* [Task to carry out]: The answer must be one number: how many lines below contain the word "open".

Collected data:

☆ ☆ ☆ ☆ ☆ ☆ ☆

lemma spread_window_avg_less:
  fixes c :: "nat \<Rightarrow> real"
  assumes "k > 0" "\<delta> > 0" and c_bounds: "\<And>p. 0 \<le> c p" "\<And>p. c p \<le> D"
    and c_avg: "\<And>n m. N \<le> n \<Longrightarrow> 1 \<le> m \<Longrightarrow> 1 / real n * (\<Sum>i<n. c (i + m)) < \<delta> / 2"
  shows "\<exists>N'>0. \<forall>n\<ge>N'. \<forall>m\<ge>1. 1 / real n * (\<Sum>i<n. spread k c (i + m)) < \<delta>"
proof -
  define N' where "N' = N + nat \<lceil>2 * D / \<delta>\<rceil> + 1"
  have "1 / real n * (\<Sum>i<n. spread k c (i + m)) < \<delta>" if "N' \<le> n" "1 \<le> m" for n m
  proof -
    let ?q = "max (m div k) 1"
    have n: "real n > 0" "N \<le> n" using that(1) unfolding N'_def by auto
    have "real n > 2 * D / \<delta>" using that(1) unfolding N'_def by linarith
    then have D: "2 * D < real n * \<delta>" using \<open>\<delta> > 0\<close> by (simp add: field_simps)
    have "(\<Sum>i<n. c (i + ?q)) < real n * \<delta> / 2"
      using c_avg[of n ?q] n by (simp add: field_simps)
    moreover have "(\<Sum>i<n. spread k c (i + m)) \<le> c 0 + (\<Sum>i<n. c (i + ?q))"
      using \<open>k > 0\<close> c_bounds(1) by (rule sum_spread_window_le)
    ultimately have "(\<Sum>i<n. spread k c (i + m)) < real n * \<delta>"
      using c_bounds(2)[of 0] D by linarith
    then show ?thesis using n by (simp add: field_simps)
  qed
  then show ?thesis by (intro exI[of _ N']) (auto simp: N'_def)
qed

☆ ☆ ☆ ☆ ☆ ☆ ☆

* [Response]: 2